Ho provato a passare quella canzone al mio macinatore postato sopra e la prende correttamente, forse c'e' un qualche tipo di errore di parsing nel codice?

----------

## xchris

credo di no...

a parte i warning su utf8.

Ho idea che eyeD3 si blocchi su un mp3 specifico.

magari prova a modificare /usr/local/share/321GtK/aux_class.py

e in linea 68 metti (sotto def retrieve)

print self.file

cosi' vediamo che mp3 e'... e poi se me lo passi vedo cosa c'e' che non va.

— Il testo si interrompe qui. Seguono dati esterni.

(* Let $G$ be a finite connected graph with at least one edge and let $\phi$ be an order map for $G$. Then $\phi$ is tree-compatible if and only if for all spanning trees $T,T'$ of $G$ and every $k\in\{0,\dots,|E(G)|-1\}$, $$T\cap\{\phi_1(T),\dots,\phi_k(T)\}=T'\cap\{\phi_1(T),\dots,\phi_k(T)\}\ \Longrightarrow\ \forall j\in\{1,\dots,k+1\},\ \phi_j(T)=\phi_j(T').$$
   Context: An order map assigns to each spanning tree $T$ of $G$ a total order $\phi(T)$ on $E(G)$; $\phi_k(T)$ denotes the $k$-th smallest edge for $\phi(T)$. Let $m=|E(G)|$. A decision tree is a perfect binary tree of depth $m-1$ whose nodes are labelled by edges of $G$ so that along every root-to-leaf path the labels form a permutation of $E(G)$. For a spanning tree $T$, walk down the decision tree from the root: at each node, if its label is not in $T$ go to the left child, otherwise go to the right child; the sequence of labels $e_1,\dots,e_m$ met defines the $(\Delta,T)$-ordering $e_1<\dots<e_m$. The order map $\phi$ is tree-compatible if there exists a decision tree $\Delta$ such that for every spanning tree $T$ the $(\Delta,T)$-ordering coincides with $\phi(T)$. *)

theory Defs
  imports Main "HOL-Library.Tree"
begin

text \<open>A finite (multi)graph: vertex set V, edge set E, and an endpoint map
  giving each edge its set of one (loop) or two endpoints.\<close>
definition graph :: "'v set \<Rightarrow> 'e set \<Rightarrow> ('e \<Rightarrow> 'v set) \<Rightarrow> bool" where
  "graph V E ends \<longleftrightarrow> finite V \<and> finite E \<and>
     (\<forall>e\<in>E. ends e \<subseteq> V \<and> 1 \<le> card (ends e) \<and> card (ends e) \<le> 2)"

definition adj :: "('e \<Rightarrow> 'v set) \<Rightarrow> 'e set \<Rightarrow> 'v \<Rightarrow> 'v \<Rightarrow> bool" where
  "adj ends F u v \<longleftrightarrow> (\<exists>e\<in>F. ends e = {u, v})"

definition reach :: "('e \<Rightarrow> 'v set) \<Rightarrow> 'e set \<Rightarrow> 'v \<Rightarrow> 'v \<Rightarrow> bool" where
  "reach ends F = (adj ends F)\<^sup>*\<^sup>*"

definition connected_graph :: "'v set \<Rightarrow> 'e set \<Rightarrow> ('e \<Rightarrow> 'v set) \<Rightarrow> bool" where
  "connected_graph V E ends \<longleftrightarrow> (\<forall>u\<in>V. \<forall>v\<in>V. reach ends E u v)"

text \<open>Spanning tree: a set of edges connecting all vertices and acyclic
  (every edge is a bridge, which also excludes loops).\<close>
definition spanning_tree :: "'v set \<Rightarrow> 'e set \<Rightarrow> ('e \<Rightarrow> 'v set) \<Rightarrow> 'e set \<Rightarrow> bool" where
  "spanning_tree V E ends T \<longleftrightarrow> T \<subseteq> E \<and> connected_graph V T ends \<and>
     (\<forall>e\<in>T. \<forall>u v. ends e = {u, v} \<longrightarrow> \<not> reach ends (T - {e}) u v)"

text \<open>An order map assigns to every spanning tree a total order on E,
  represented as a list enumerating E in increasing order; phi_k(T) = phi T ! (k-1).\<close>
definition order_map :: "'v set \<Rightarrow> 'e set \<Rightarrow> ('e \<Rightarrow> 'v set) \<Rightarrow> ('e set \<Rightarrow> 'e list) \<Rightarrow> bool" where
  "order_map V E ends phi \<longleftrightarrow>
     (\<forall>T. spanning_tree V E ends T \<longrightarrow> distinct (phi T) \<and> set (phi T) = E)"

fun paths :: "'e tree \<Rightarrow> 'e list set" where
  "paths Leaf = {[]}"
| "paths (Node l e r) = (\<lambda>p. e # p) ` (paths l \<union> paths r)"

text \<open>Decision tree: perfect binary tree of depth m-1 (i.e. height m) whose
  root-to-leaf label sequences are permutations of E.\<close>
definition decision_tree :: "'e set \<Rightarrow> 'e tree \<Rightarrow> bool" where
  "decision_tree E t \<longleftrightarrow> complete t \<and> height t = card E \<and>
     (\<forall>p\<in>paths t. distinct p \<and> set p = E)"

(e poi lo cancello signori della SIAE)

ciao e grazie

eventualmente prova quickscandir su altra dir... tanto per vederlo andare.

----------

## .:deadhead:.

Fede fede, secondo me il gtk321 dopo una sana infanzia a suon di rock [basta vedere gli screen di xchris per capire che è cresciuto bene], appena ha messo piede in quella cartella da girone infernale, s'è spaventato  :Very Happy:  Metti il solito, lascia stare la festa. Punk & Rock fanno bene al python   :Very Happy: 

----------

## federico

 *.:deadhead:. wrote:*   

> Fede fede, secondo me il gtk321 dopo una sana infanzia a suon di rock [basta vedere gli screen di xchris per capire che è cresciuto bene], appena ha messo piede in quella cartella da girone infernale, s'è spaventato 

 

Si, infatti ora gli ho dato in pasto i "Funeral for a friend" ( http://www.funeralforafriend.com/ ) un gruppo che ha una sonorita' punk melodico con qualche spruzzo di doppio pedale e growl alla black metal (li ho sentiti al rock in idro e mi strippano) e funziona il programma  :Smile:  Farei un po' di modifiche ma mi rendo conto che ci saranno prima altre priorita'  :Smile: 

Fede

----------

## codadilupo

per ora tutto bene  :Wink: 

per cui mi permetto la prima richiesta (nel caso, prenditela con randomaze, che me l'ha involontariamente suggerito  :Wink: ): che sarebbe possibile dare in pasto anche archivi ? tipo, io ho molte canzoni archiviate in tar.bz2, o zip, o tar,gz, (per risparmiare spazio, e per rendere le cose piu' semplici agl'EMuliani, e sarebbe comodo non dover decomprimere a mano quello che voglio sentire, ma, ad esempio, farglielo decomprimere al volo, magari in swap, o RAM.

Coda

----------

## .:deadhead:.

Ottima cosa! Bella idea coda! un po' come fà già su win foobar2000

----------

## xchris

@coda: la feature e' interessante anche se a dire il vero non so quanto possa interessare... (e' un po' di nicchia)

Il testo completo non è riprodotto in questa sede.